Assigned task - Return exactly and only these lines: the first of the listing through the one containing "fun neg_atom where".

Working data -
Content starts

lemma is_comod_St:
  assumes "valid_word ws"
  shows "is_comod (St s ws :: 'k::field comod)"
proof -
  define n where "n = Suc (length ws)"
  define \<rho> where "\<rho> c = (mat n n (\<lambda>(r, q). string_entry s ws c r q) :: 'k mat)" for c
  have St_pair: "St s ws = (n, \<rho>)"
    unfolding St_eq n_def \<rho>_def ..
  have support: "{c. \<rho> c \<noteq> 0\<^sub>m n n} \<subseteq> (\<Union>m\<le>s + n. {G m, A m, Bb m})"
  proof
    fix c assume "c \<in> {c. \<rho> c \<noteq> 0\<^sub>m n n}"
    then obtain i j where "i < n" "j < n" "string_entry s ws c i j \<noteq> (0 :: 'k)"
      by (auto simp: \<rho>_def mat_eq_iff)
    then show "c \<in> (\<Union>m\<le>s + n. {G m, A m, Bb m})"
      by (cases c) (auto simp: string_entry_def split: if_splits)
  qed
  have counit: "(\<Sum>e | \<rho> e \<noteq> 0\<^sub>m n n. eps e * \<rho> e $$ (i, j)) = (if i = j then 1 else 0)"
    if "i < n" "j < n" for i j
  proof -
    have "\<rho> (G (s + i)) $$ (i, i) = 1"
      using that by (simp add: \<rho>_def string_entry_def)
    then have "G (s + i) \<in> {c. \<rho> c \<noteq> 0\<^sub>m n n}"
      using that by auto
    moreover have "eps e * \<rho> e $$ (i, j) = (if e = G (s + i) then (if i = j then 1 else 0) else 0)" for e
      using that by (cases e) (auto simp: \<rho>_def string_entry_def)
    ultimately show ?thesis
      using finite_subset[OF support] by simp
  qed
  show ?thesis
    unfolding St_pair is_comod_iff
    using finite_subset[OF support] counit string_entry_mult[OF assms]
    by (auto simp: \<rho>_def n_def scalar_prod_def lessThan_atLeast0)
qed
definition opT where
  "opT Ats V le F = cleanup Ats V le
     (F @ [[bpart Cm @ wpart Cq]. Cm \<leftarrow> all_clauses F, Cq \<leftarrow> all_clauses F,
            (Cm, Cq) \<in> {(C1, C2). C1 \<in> set (all_clauses F) \<and> C2 \<in> set (all_clauses F)
                                  \<and> composable Ats V le C1 C2}\<^sup>+])"

fun neg_atom where
  "neg_atom (XLe A v) = XNle A v" | "neg_atom (XNle A v) = XLe A v"
| "neg_atom (YLe A v) = YNle A v" | "neg_atom (YNle A v) = YLe A v"

fun swap_atom where
  "swap_atom (XLe A v) = YLe A v" | "swap_atom (XNle A v) = YNle A v"
| "swap_atom (YLe A v) = XLe A v" | "swap_atom (YNle A v) = XNle A v"

definition conj_stmt :: "('a,'v) stmt \<Rightarrow> ('a,'v) stmt \<Rightarrow> ('a,'v) stmt" where
  "conj_stmt P Q = [C @ D. C \<leftarrow> P, D \<leftarrow> Q]"

text \<open>The statement \<not> P(y,x), in disjunctive normal form.\<close>
definition neg_swap_stmt :: "('a,'v) stmt \<Rightarrow> ('a,'v) stmt" where
  "neg_swap_stmt P = foldr (\<lambda>C acc. conj_stmt (map (\<lambda>a. [neg_atom (swap_atom a)]) C) acc) P [[]]"

definition rev_imp where
  "rev_imp Ats V le Pj Pi \<longleftrightarrow>
     (\<forall>t1\<in>Dom Ats V. \<forall>t2\<in>Dom Ats V. stmt_sem le Pj t2 t1 \<longrightarrow> stmt_sem le Pi t1 t2)"

definition Impl :: "'a set \<Rightarrow> ('a \<Rightarrow> 'v set) \<Rightarrow> ('a \<Rightarrow> 'v \<Rightarrow> 'v \<Rightarrow> bool) \<Rightarrow> ('a,'v) formula \<Rightarrow> nat \<Rightarrow> nat set" where
  "Impl Ats V le G i = {j. j < length G \<and> rev_imp Ats V le (G!j) (G!i) \<and> \<not> rev_imp Ats V le (G!i) (G!j)}"

definition S_round where
  "S_round Ats V le G = map (\<lambda>i. if Impl Ats V le G i = {} then G!i
       else foldl conj_stmt (G!i) (map (\<lambda>j. neg_swap_stmt (G!j)) (sorted_list_of_set (Impl Ats V le G i))))
     [0..<length G]"

text \<open>Rounds are repeated until no Impl set is nonempty.  Should the iteration not
  terminate, the formula is left unchanged.\<close>
definition opS where
  "opS Ats V le F = cleanup Ats V le
     (case while_option (\<lambda>G. \<exists>i<length G. Impl Ats V le G i \<noteq> {}) (S_round Ats V le) F of
        Some G \<Rightarrow> G | None \<Rightarrow> F)"

datatype op = OpT | OpS

fun apply_op where
  "apply_op Ats V le OpT F = opT Ats V le F"
| "apply_op Ats V le OpS F = opS Ats V le F"

definition apply_ops :: "'a set \<Rightarrow> ('a \<Rightarrow> 'v set) \<Rightarrow> ('a \<Rightarrow> 'v \<Rightarrow> 'v \<Rightarrow> bool) \<Rightarrow> op list \<Rightarrow> ('a,'v) formula \<Rightarrow> ('a,'v) formula" where
  "apply_ops Ats V le X F = fold (apply_op Ats V le) X F"

definition prefX where
  "prefX Ats V le F X = pref Ats V le (apply_ops Ats V le X F)"

end

theory Submission
  imports Defs
begin

text \<open>Let G be the formula obtained from F by X.  A round of S only conjoins statements
  with negated reversed statements, so the relation it induces is contained in the one
  induced by G; and a conjunct not P_j(y,x) can only fail on a pair x, y with
  G(y,x), so every strict preference of G survives.  Both properties are preserved by
  iteration and by clean-up, which does not change the induced relation on D.  Hence the
  strict part can only grow, and the best tuples can only become fewer.\<close>

definition strict_refinement :: "('b \<Rightarrow> 'b \<Rightarrow> bool) \<Rightarrow> ('b \<Rightarrow> 'b \<Rightarrow> bool) \<Rightarrow> bool" where
  "strict_refinement R R' \<longleftrightarrow> R' \<le> R \<and> strict R \<le> R'"

lemma strict_refinement_strict_mono:
  "strict_refinement R R' \<Longrightarrow> strict R \<le> strict R'"
  unfolding strict_refinement_def strict_def le_fun_def le_bool_def by blast

lemma strict_refinement_refl: "strict_refinement R R"
  by (auto simp: strict_refinement_def strict_def)

lemma strict_refinement_trans:
  assumes "strict_refinement R R'" and "strict_refinement R' R''"
  shows "strict_refinement R R''"
  using strict_refinement_strict_mono[OF assms(1)] assms
  by (auto simp: strict_refinement_def)

lemma Best_antimono: "S \<le> S' \<Longrightarrow> Best S' r \<subseteq> Best S r"
  by (auto simp: Best_def)

lemma formula_sem_conv_nth: "formula_sem le G x y \<longleftrightarrow> (\<exists>i<length G. stmt_sem le (G!i) x y)"
  unfolding formula_sem_def by (metis in_set_conv_nth)


lemma clause_sem_append:
  "clause_sem le (C @ D) x y \<longleftrightarrow> clause_sem le C x y \<and> clause_sem le D x y"
  by (auto simp: clause_sem_def)

lemma stmt_sem_conj_stmt:
  "stmt_sem le (conj_stmt P Q) x y \<longleftrightarrow> stmt_sem le P x y \<and> stmt_sem le Q x y"
  by (auto simp: stmt_sem_def conj_stmt_def clause_sem_append)

lemma stmt_sem_foldl_conj_stmt:
  "stmt_sem le (foldl conj_stmt P (map f js)) x y \<longleftrightarrow>
     stmt_sem le P x y \<and> (\<forall>j\<in>set js. stmt_sem le (f j) x y)"
  by (induction js arbitrary: P) (auto simp: stmt_sem_conj_stmt)

lemma atom_sem_neg_swap: "atom_sem le (neg_atom (swap_atom a)) x y \<longleftrightarrow> \<not> atom_sem le a y x"
  by (cases a) auto

lemma stmt_sem_neg_swap_stmt: "stmt_sem le (neg_swap_stmt P) x y \<longleftrightarrow> \<not> stmt_sem le P y x"
proof (induction P)
  case Nil
  then show ?case by (simp add: neg_swap_stmt_def stmt_sem_def clause_sem_def)
next
  case (Cons C P)
  have "neg_swap_stmt (C # P) = conj_stmt (map (\<lambda>a. [neg_atom (swap_atom a)]) C) (neg_swap_stmt P)"
    by (simp add: neg_swap_stmt_def)
  moreover have "stmt_sem le (map (\<lambda>a. [neg_atom (swap_atom a)]) C) x y \<longleftrightarrow> \<not> clause_sem le C y x"
    by (auto simp: stmt_sem_def clause_sem_def atom_sem_neg_swap)
  moreover have "stmt_sem le (C # P) y x \<longleftrightarrow> clause_sem le C y x \<or> stmt_sem le P y x"
    by (simp add: stmt_sem_def)
  ultimately show ?case using Cons by (simp only: stmt_sem_conj_stmt) blast
qed
(* Let $(X,\tau)$ be an extended locally convex space and let $\tau_F$ be its finest locally convex topology. Then $(X,\tau)$ is Hausdorff if and only if $(X,\tau_F)$ is Hausdorff.
   Context: An extended seminorm on a vector space $X$ over $\mathbb{R}$ or $\mathbb{C}$ is a map $\rho:X\to[0,\infty]$ with $\rho(\alpha x)=|\alpha|\rho(x)$ and $\rho(x+y)\le\rho(x)+\rho(y)$. An extended locally convex space $(X,\tau)$ is a vector space with the topology induced by a family $\{\rho_i\}$ of extended seminorms (neighborhood base at $x_0$: $\{x:\max_{i\in J}\rho_i(x-x_0)<\varepsilon\}$, $J$ finite, $\varepsilon>0$). A locally convex topology is one induced in this way by finite-valued seminorms. The finest locally convex topology $\tau_F$ of $(X,\tau)$ is the locally convex topology on $X$ with $\tau_F\subseteq\tau$ such that every locally convex topology $\sigma\subseteq\tau$ on $X$ satisfies $\sigma\subseteq\tau_F$. *)

theory Defs
  imports "HOL-Analysis.Analysis"
begin

text \<open>Extended seminorms on a vector space whose scalar multiplication is sc
  (sc = scaleR for real, sc = scaleC for complex vector spaces).  Values in [0,\<infinity>]
  are modelled by ennreal.\<close>
definition ext_seminorm :: "('k::real_normed_field \<Rightarrow> 'a::ab_group_add \<Rightarrow> 'a) \<Rightarrow> ('a \<Rightarrow> ennreal) \<Rightarrow> bool" where
  "ext_seminorm sc \<rho> \<longleftrightarrow>
     (\<forall>c x. \<rho> (sc c x) = ennreal (norm c) * \<rho> x) \<and>
     (\<forall>x y. \<rho> (x + y) \<le> \<rho> x + \<rho> y)"

definition fin_seminorm :: "('k::real_normed_field \<Rightarrow> 'a::ab_group_add \<Rightarrow> 'a) \<Rightarrow> ('a \<Rightarrow> ennreal) \<Rightarrow> bool" where
  "fin_seminorm sc \<rho> \<longleftrightarrow> ext_seminorm sc \<rho> \<and> (\<forall>x. \<rho> x < \<infinity>)"

definition seminorm_topology :: "('a::ab_group_add \<Rightarrow> ennreal) set \<Rightarrow> 'a topology" where
  "seminorm_topology P = topology (\<lambda>U. \<forall>x0\<in>U. \<exists>J \<epsilon>. finite J \<and> J \<subseteq> P \<and> (\<epsilon>::real) > 0 \<and>
       {x. \<forall>\<rho>\<in>J. \<rho> (x - x0) < ennreal \<epsilon>} \<subseteq> U)"

definition ext_lc_topology :: "('k::real_normed_field \<Rightarrow> 'a::ab_group_add \<Rightarrow> 'a) \<Rightarrow> 'a topology \<Rightarrow> bool" where
  "ext_lc_topology sc T \<longleftrightarrow> (\<exists>P. (\<forall>\<rho>\<in>P. ext_seminorm sc \<rho>) \<and> T = seminorm_topology P)"

definition lc_topology :: "('k::real_normed_field \<Rightarrow> 'a::ab_group_add \<Rightarrow> 'a) \<Rightarrow> 'a topology \<Rightarrow> bool" where
  "lc_topology sc T \<longleftrightarrow> (\<exists>P. (\<forall>\<rho>\<in>P. fin_seminorm sc \<rho>) \<and> T = seminorm_topology P)"

definition coarser :: "'a topology \<Rightarrow> 'a topology \<Rightarrow> bool" where
  "coarser \<sigma> \<tau> \<longleftrightarrow> (\<forall>U. openin \<sigma> U \<longrightarrow> openin \<tau> U)"

definition finest_lc_topology :: "('k::real_normed_field \<Rightarrow> 'a::ab_group_add \<Rightarrow> 'a) \<Rightarrow> 'a topology \<Rightarrow> 'a topology \<Rightarrow> bool" where
  "finest_lc_topology sc \<tau> \<tau>F \<longleftrightarrow> lc_topology sc \<tau>F \<and> coarser \<tau>F \<tau> \<and>
     (\<forall>\<sigma>. lc_topology sc \<sigma> \<and> coarser \<sigma> \<tau> \<longrightarrow> coarser \<sigma> \<tau>F)"

end

theory Submission
  imports Defs
begin

text \<open>If \<tau> is Hausdorff, its seminorms separate points. An extended seminorm \<rho> with
  \<rho> d > 0 dominates a finite seminorm q with q d > 0: take \<rho> \<circ> \<pi> for a linear
  projection \<pi> onto the subspace where \<rho> is finite, and add |g (x - \<pi> x)| for a linear
  functional g with g (d - \<pi> d) = 1 whenever d - \<pi> d \<noteq> 0. All such q generate a
  Hausdorff locally convex topology coarser than \<tau>, hence coarser than \<tau>F, so \<tau>F is
  Hausdorff; the converse holds because \<tau>F is coarser than \<tau>.\<close>

lemma ext_seminorm_zero:
  fixes sc :: "'k::real_normed_field \<Rightarrow> 'a::ab_group_add \<Rightarrow> 'a"
  assumes "vector_space sc" and "ext_seminorm sc \<rho>"
  shows "\<rho> 0 = 0"
proof -
  interpret vector_space sc by fact
  have "\<rho> (sc 0 0) = ennreal (norm (0::'k)) * \<rho> 0"
    using \<open>ext_seminorm sc \<rho>\<close> unfolding ext_seminorm_def by blast
  then show ?thesis by simp
qed

lemma ext_seminorm_minus:
  fixes sc :: "'k::real_normed_field \<Rightarrow> 'a::ab_group_add \<Rightarrow> 'a"
  assumes "vector_space sc" and "ext_seminorm sc \<rho>"
  shows "\<rho> (- x) = \<rho> x"
proof -
  interpret vector_space sc by fact
  have "\<rho> (sc (-1) x) = ennreal (norm (-1::'k)) * \<rho> x"
    using \<open>ext_seminorm sc \<rho>\<close> unfolding ext_seminorm_def by blast
  then show ?thesis by (simp add: scale_minus_left)
qed
(* Let $\triangle ABC$ be an obtuse triangle circumscribed about an ellipse with semi-axes $a>b>0$ whose center coincides with the circumcenter of $\triangle ABC$. Then the radius of the polar circle of $\triangle ABC$ equals $\sqrt{2ab}$. Equivalently, the area of the polar circle is twice the area of the ellipse.
   Context: A triangle is circumscribed about a conic if each of its three sidelines is tangent to the conic. For an obtuse triangle $ABC$ with orthocenter $H$, let $H_A$ be the foot of the perpendicular from $A$ to line $BC$. The polar circle of $\triangle ABC$ is the circle with center $H$ and radius $r_p$ with $r_p^2=|AH|\,|HH_A|$. This value does not depend on the chosen vertex. *)

theory Defs
  imports "HOL-Analysis.Analysis"
begin

definition sideline :: "real^2 \<Rightarrow> real^2 \<Rightarrow> (real^2) set" where
  "sideline P Q = {(1 - t) *\<^sub>R P + t *\<^sub>R Q | t. True}"

text \<open>Ellipse with center Oc, unit orthogonal axis directions u, v and semi-axes a, b
  (along u and v respectively).\<close>
definition ellipse :: "real^2 \<Rightarrow> real^2 \<Rightarrow> real^2 \<Rightarrow> real \<Rightarrow> real \<Rightarrow> (real^2) set" where
  "ellipse Oc u v a b = {p. ((p - Oc) \<bullet> u)\<^sup>2 / a\<^sup>2 + ((p - Oc) \<bullet> v)\<^sup>2 / b\<^sup>2 = 1}"

definition tangent_line :: "(real^2) set \<Rightarrow> (real^2) set \<Rightarrow> bool" where
  "tangent_line L E \<longleftrightarrow> (\<exists>!p. p \<in> L \<and> p \<in> E)"

definition circumscribed_about :: "real^2 \<Rightarrow> real^2 \<Rightarrow> real^2 \<Rightarrow> (real^2) set \<Rightarrow> bool" where
  "circumscribed_about A B C E \<longleftrightarrow>
     tangent_line (sideline B C) E \<and> tangent_line (sideline C A) E \<and> tangent_line (sideline A B) E"

definition obtuse_triangle :: "real^2 \<Rightarrow> real^2 \<Rightarrow> real^2 \<Rightarrow> bool" where
  "obtuse_triangle A B C \<longleftrightarrow> \<not> collinear {A, B, C} \<and>
     ((B - A) \<bullet> (C - A) < 0 \<or> (A - B) \<bullet> (C - B) < 0 \<or> (A - C) \<bullet> (B - C) < 0)"

definition is_circumcenter :: "real^2 \<Rightarrow> real^2 \<Rightarrow> real^2 \<Rightarrow> real^2 \<Rightarrow> bool" where
  "is_circumcenter Oc A B C \<longleftrightarrow> dist Oc A = dist Oc B \<and> dist Oc B = dist Oc C"

definition is_orthocenter :: "real^2 \<Rightarrow> real^2 \<Rightarrow> real^2 \<Rightarrow> real^2 \<Rightarrow> bool" where
  "is_orthocenter H A B C \<longleftrightarrow>
     (H - A) \<bullet> (C - B) = 0 \<and> (H - B) \<bullet> (A - C) = 0 \<and> (H - C) \<bullet> (B - A) = 0"

definition is_foot :: "real^2 \<Rightarrow> real^2 \<Rightarrow> real^2 \<Rightarrow> real^2 \<Rightarrow> bool" where
  "is_foot F A B C \<longleftrightarrow> F \<in> sideline B C \<and> (A - F) \<bullet> (C - B) = 0"

end

theory Submission
  imports Defs "HOL-Library.Quadratic_Discriminant"
begin

(* Put the circumcentre O at the origin and read the vertices as complex numbers w1, w2, w3 of
   modulus R, in coordinates along the axes of the ellipse x^2/a^2 + y^2/b^2 = 1. For two points
   of the circle, tangency of their chord to the ellipse is a relation that is symmetric in the
   pair. Eliminating the conjugates R^2/w_i from the three relations gives
   w1 w2 + w2 w3 + w3 w1 = b^2 - a^2, 2 (a^2 + b^2) R^2 = (b^2 - a^2)^2 + R^4 and
   R^2 |w1 + w2 + w3|^2 = (b^2 - a^2)^2, whence |R^2 - |w1 + w2 + w3|^2| = 4ab.
   By Sylvester's formula w1 + w2 + w3 is the orthocentre H, and AH * HH_A is half the absolute
   power of H with respect to the circumcircle, i.e. 2ab. *)

lemma inner_real2: "(x::real^2) \<bullet> y = x $ 1 * y $ 1 + x $ 2 * y $ 2"
  by (simp add: inner_vec_def sum_2)

lemma inner_orthonormal_frame:
  fixes u v p q :: "real^2"
  assumes "norm u = 1" "norm v = 1" "u \<bullet> v = 0"
  shows "p \<bullet> q = (p \<bullet> u) * (q \<bullet> u) + (p \<bullet> v) * (q \<bullet> v)"
proof -
  have "(u $ 1)\<^sup>2 + (u $ 2)\<^sup>2 = 1" "(v $ 1)\<^sup>2 + (v $ 2)\<^sup>2 = 1" "u $ 1 * v $ 1 + u $ 2 * v $ 2 = 0"
    using assms by (simp_all add: norm_eq_1 inner_real2 power2_eq_square)
  \<comment> \<open>the rows of an orthogonal matrix are orthonormal as well\<close>
  then have "(u $ 1)\<^sup>2 + (v $ 1)\<^sup>2 = 1" "(u $ 2)\<^sup>2 + (v $ 2)\<^sup>2 = 1" "u $ 1 * u $ 2 + v $ 1 * v $ 2 = 0"
    by algebra+
  then show ?thesis
    unfolding inner_real2 by algebra
qed

definition frame_coord :: "real^2 \<Rightarrow> real^2 \<Rightarrow> real^2 \<Rightarrow> complex" where
  "frame_coord u v p = Complex (p \<bullet> u) (p \<bullet> v)"

lemma Re_frame_coord [simp]: "Re (frame_coord u v p) = p \<bullet> u"
  and Im_frame_coord [simp]: "Im (frame_coord u v p) = p \<bullet> v"
  by (simp_all add: frame_coord_def)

Content ends

Exercise output -
lemma is_comod_St:
  assumes "valid_word ws"
  shows "is_comod (St s ws :: 'k::field comod)"
proof -
  define n where "n = Suc (length ws)"
  define \<rho> where "\<rho> c = (mat n n (\<lambda>(r, q). string_entry s ws c r q) :: 'k mat)" for c
  have St_pair: "St s ws = (n, \<rho>)"
    unfolding St_eq n_def \<rho>_def ..
  have support: "{c. \<rho> c \<noteq> 0\<^sub>m n n} \<subseteq> (\<Union>m\<le>s + n. {G m, A m, Bb m})"
  proof
    fix c assume "c \<in> {c. \<rho> c \<noteq> 0\<^sub>m n n}"
    then obtain i j where "i < n" "j < n" "string_entry s ws c i j \<noteq> (0 :: 'k)"
      by (auto simp: \<rho>_def mat_eq_iff)
    then show "c \<in> (\<Union>m\<le>s + n. {G m, A m, Bb m})"
      by (cases c) (auto simp: string_entry_def split: if_splits)
  qed
  have counit: "(\<Sum>e | \<rho> e \<noteq> 0\<^sub>m n n. eps e * \<rho> e $$ (i, j)) = (if i = j then 1 else 0)"
    if "i < n" "j < n" for i j
  proof -
    have "\<rho> (G (s + i)) $$ (i, i) = 1"
      using that by (simp add: \<rho>_def string_entry_def)
    then have "G (s + i) \<in> {c. \<rho> c \<noteq> 0\<^sub>m n n}"
      using that by auto
    moreover have "eps e * \<rho> e $$ (i, j) = (if e = G (s + i) then (if i = j then 1 else 0) else 0)" for e
      using that by (cases e) (auto simp: \<rho>_def string_entry_def)
    ultimately show ?thesis
      using finite_subset[OF support] by simp
  qed
  show ?thesis
    unfolding St_pair is_comod_iff
    using finite_subset[OF support] counit string_entry_mult[OF assms]
    by (auto simp: \<rho>_def n_def scalar_prod_def lessThan_atLeast0)
qed
definition opT where
  "opT Ats V le F = cleanup Ats V le
     (F @ [[bpart Cm @ wpart Cq]. Cm \<leftarrow> all_clauses F, Cq \<leftarrow> all_clauses F,
            (Cm, Cq) \<in> {(C1, C2). C1 \<in> set (all_clauses F) \<and> C2 \<in> set (all_clauses F)
                                  \<and> composable Ats V le C1 C2}\<^sup>+])"

fun neg_atom where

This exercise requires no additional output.